Your instructions — Reproduce, exactly and in full, only the lines below from the one containing "(intro supnn_upper) auto" through the one containing "unfolding Ck_norm_def by (intro".

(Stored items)
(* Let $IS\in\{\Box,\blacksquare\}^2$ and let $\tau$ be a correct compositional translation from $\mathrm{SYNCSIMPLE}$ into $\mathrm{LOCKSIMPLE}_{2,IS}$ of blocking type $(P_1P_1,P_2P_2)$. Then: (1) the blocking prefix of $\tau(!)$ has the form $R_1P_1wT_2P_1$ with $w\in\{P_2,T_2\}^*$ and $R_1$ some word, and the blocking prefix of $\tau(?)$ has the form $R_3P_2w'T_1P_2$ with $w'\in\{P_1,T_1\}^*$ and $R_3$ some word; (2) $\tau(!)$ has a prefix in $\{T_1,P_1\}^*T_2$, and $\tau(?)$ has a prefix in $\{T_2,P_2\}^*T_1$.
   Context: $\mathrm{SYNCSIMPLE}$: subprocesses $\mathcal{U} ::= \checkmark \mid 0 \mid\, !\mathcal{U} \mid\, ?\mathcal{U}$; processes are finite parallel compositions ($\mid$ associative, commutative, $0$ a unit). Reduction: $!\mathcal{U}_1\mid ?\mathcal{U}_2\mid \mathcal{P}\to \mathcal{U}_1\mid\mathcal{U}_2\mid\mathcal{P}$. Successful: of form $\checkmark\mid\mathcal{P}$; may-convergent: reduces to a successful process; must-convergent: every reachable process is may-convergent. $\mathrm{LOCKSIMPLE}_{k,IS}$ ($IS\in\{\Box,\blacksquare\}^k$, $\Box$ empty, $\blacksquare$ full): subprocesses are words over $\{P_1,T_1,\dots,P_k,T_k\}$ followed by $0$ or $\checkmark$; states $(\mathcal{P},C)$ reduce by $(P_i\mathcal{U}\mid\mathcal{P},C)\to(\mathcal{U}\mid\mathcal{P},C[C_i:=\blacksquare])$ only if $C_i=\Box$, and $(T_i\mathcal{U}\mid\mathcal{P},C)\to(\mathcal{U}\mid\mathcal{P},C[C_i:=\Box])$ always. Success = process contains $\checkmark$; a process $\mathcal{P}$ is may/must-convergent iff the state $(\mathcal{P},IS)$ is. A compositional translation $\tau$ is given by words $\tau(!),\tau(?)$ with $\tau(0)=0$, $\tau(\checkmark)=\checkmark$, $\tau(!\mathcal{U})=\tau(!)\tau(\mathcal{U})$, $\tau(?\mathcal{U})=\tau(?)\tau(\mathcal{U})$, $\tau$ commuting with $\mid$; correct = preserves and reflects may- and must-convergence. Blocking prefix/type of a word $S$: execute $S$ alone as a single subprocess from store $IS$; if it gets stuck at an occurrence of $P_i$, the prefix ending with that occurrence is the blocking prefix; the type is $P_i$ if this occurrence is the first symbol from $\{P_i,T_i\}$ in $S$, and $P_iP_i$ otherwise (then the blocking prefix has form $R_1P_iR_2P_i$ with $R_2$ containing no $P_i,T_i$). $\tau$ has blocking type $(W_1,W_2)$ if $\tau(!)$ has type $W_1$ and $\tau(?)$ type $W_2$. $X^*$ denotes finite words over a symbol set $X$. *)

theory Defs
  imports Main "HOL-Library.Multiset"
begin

--

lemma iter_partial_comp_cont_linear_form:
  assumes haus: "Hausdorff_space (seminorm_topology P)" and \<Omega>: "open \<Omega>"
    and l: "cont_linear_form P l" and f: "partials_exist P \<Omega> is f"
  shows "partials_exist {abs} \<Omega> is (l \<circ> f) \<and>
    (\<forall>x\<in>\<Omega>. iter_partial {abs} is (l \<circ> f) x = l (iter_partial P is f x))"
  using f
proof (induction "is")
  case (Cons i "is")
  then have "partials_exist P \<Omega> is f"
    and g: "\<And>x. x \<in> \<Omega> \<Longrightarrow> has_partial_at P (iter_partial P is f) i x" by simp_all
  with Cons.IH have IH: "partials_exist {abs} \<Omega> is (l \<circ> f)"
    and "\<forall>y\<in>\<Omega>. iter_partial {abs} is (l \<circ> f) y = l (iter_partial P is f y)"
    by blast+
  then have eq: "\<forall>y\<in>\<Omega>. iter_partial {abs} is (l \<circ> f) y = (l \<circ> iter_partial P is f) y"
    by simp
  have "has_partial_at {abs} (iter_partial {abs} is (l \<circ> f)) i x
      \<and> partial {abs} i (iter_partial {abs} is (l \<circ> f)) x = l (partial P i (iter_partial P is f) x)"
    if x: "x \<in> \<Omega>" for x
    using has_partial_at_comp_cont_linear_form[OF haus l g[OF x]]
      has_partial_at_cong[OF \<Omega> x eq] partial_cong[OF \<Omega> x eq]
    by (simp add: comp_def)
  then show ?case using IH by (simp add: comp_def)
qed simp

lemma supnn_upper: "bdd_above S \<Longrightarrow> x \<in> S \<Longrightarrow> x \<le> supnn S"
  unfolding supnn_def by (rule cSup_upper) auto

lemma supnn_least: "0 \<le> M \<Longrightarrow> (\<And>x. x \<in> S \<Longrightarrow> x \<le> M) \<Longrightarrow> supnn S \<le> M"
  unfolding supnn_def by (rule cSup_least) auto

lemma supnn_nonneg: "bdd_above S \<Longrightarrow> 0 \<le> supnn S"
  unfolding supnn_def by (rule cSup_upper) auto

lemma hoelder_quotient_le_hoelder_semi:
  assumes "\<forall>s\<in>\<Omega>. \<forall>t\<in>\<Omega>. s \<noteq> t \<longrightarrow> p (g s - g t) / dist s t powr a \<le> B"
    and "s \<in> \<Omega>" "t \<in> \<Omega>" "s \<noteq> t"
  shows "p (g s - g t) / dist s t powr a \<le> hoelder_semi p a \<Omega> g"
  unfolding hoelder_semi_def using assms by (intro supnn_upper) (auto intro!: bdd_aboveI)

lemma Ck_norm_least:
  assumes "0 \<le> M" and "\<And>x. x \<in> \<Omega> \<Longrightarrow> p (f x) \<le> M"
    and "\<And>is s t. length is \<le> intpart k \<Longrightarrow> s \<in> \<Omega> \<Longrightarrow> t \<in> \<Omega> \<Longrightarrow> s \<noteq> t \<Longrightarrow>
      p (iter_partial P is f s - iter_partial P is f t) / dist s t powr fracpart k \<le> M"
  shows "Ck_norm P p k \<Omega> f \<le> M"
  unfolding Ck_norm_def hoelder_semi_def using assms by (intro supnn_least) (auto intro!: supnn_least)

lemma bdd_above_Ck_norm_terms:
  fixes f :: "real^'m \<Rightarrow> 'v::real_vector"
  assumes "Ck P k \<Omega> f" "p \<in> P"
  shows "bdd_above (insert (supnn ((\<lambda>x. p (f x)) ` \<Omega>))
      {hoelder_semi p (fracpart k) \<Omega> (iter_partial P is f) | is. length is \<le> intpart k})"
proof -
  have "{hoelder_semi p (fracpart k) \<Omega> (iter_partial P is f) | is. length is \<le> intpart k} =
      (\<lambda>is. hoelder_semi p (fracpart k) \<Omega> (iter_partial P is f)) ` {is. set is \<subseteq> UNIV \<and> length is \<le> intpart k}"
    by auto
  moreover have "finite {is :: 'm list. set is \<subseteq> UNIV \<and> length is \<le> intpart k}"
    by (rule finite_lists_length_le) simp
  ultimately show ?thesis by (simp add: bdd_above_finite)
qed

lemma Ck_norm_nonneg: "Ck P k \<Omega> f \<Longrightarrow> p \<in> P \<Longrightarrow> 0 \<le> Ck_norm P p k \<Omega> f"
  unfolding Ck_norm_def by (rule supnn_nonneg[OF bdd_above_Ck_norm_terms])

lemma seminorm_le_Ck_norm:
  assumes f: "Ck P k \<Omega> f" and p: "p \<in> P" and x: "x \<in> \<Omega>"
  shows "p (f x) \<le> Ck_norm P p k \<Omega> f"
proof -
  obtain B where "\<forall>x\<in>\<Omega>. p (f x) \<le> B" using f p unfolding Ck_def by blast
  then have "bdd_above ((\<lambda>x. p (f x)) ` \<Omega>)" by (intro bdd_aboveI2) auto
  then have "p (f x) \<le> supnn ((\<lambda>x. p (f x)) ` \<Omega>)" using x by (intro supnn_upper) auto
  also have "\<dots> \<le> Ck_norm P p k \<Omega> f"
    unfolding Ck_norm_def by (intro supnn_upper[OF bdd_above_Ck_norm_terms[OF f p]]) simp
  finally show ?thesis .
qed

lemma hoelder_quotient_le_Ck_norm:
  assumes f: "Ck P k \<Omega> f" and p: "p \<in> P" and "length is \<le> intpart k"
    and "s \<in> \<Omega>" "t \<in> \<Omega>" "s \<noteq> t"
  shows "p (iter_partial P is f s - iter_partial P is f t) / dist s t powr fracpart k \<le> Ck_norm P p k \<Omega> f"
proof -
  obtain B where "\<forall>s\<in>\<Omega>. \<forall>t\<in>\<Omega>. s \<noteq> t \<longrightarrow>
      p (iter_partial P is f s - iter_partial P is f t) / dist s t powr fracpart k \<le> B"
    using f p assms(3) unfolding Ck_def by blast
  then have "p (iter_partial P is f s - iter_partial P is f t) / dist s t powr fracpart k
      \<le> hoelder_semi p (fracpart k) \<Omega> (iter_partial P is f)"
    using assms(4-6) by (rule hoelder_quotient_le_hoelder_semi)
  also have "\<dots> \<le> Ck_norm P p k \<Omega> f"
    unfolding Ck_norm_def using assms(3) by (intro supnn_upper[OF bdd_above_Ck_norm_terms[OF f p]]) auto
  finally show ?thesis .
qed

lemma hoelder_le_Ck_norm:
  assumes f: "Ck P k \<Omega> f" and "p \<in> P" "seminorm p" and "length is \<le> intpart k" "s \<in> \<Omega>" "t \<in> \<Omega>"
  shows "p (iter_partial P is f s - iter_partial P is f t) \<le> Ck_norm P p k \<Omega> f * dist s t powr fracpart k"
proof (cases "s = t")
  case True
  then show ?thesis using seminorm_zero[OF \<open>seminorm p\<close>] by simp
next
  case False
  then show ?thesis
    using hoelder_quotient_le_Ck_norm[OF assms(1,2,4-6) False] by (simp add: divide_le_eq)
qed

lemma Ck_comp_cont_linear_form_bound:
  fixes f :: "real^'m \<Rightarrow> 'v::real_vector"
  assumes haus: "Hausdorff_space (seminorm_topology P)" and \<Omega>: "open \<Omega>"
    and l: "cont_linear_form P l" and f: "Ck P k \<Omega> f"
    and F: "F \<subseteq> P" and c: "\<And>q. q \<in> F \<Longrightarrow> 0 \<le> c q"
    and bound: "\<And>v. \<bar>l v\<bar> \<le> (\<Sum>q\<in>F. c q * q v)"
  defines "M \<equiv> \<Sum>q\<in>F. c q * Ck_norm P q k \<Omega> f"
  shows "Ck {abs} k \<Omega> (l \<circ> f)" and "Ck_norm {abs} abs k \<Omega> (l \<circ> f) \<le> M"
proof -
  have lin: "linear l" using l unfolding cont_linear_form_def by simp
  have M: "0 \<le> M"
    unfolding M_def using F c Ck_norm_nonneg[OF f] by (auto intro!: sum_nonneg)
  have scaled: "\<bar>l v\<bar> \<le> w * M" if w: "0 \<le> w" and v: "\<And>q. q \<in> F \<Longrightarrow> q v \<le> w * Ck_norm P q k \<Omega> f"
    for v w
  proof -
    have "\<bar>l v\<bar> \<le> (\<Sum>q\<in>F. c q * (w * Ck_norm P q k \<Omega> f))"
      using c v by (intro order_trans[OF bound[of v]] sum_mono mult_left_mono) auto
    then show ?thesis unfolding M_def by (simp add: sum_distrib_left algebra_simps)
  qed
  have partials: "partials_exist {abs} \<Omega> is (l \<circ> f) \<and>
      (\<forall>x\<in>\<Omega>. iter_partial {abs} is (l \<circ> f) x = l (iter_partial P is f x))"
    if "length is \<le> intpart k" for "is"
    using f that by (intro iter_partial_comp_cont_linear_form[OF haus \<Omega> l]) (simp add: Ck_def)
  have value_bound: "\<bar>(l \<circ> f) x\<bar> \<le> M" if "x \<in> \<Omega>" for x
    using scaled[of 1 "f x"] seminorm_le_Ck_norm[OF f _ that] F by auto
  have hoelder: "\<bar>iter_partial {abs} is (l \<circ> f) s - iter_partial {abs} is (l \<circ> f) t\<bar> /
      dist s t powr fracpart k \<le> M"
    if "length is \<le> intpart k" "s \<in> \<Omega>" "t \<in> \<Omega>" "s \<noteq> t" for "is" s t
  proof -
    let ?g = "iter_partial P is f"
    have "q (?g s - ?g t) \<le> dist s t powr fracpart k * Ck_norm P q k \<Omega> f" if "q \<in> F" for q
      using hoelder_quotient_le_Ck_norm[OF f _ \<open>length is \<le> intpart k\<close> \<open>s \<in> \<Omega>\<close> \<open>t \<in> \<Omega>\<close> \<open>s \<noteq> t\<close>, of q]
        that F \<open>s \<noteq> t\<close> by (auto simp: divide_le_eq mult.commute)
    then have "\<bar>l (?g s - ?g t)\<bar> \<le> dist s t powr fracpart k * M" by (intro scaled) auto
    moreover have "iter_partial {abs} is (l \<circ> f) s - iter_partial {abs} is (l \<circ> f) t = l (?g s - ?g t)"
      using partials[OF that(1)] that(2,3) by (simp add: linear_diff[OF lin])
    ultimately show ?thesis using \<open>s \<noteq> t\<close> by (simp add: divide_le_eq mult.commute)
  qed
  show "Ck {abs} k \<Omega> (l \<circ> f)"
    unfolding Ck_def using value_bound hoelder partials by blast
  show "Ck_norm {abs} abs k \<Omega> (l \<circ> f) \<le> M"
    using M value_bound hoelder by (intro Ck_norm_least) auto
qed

Solution to the problem —
  then have "p (f x) \<le> supnn ((\<lambda>x. p (f x)) ` \<Omega>)" using x by (intro supnn_upper) auto
  also have "\<dots> \<le> Ck_norm P p k \<Omega> f"
    unfolding Ck_norm_def by (intro supnn_upper[OF bdd_above_Ck_norm_terms[OF f p]]) simp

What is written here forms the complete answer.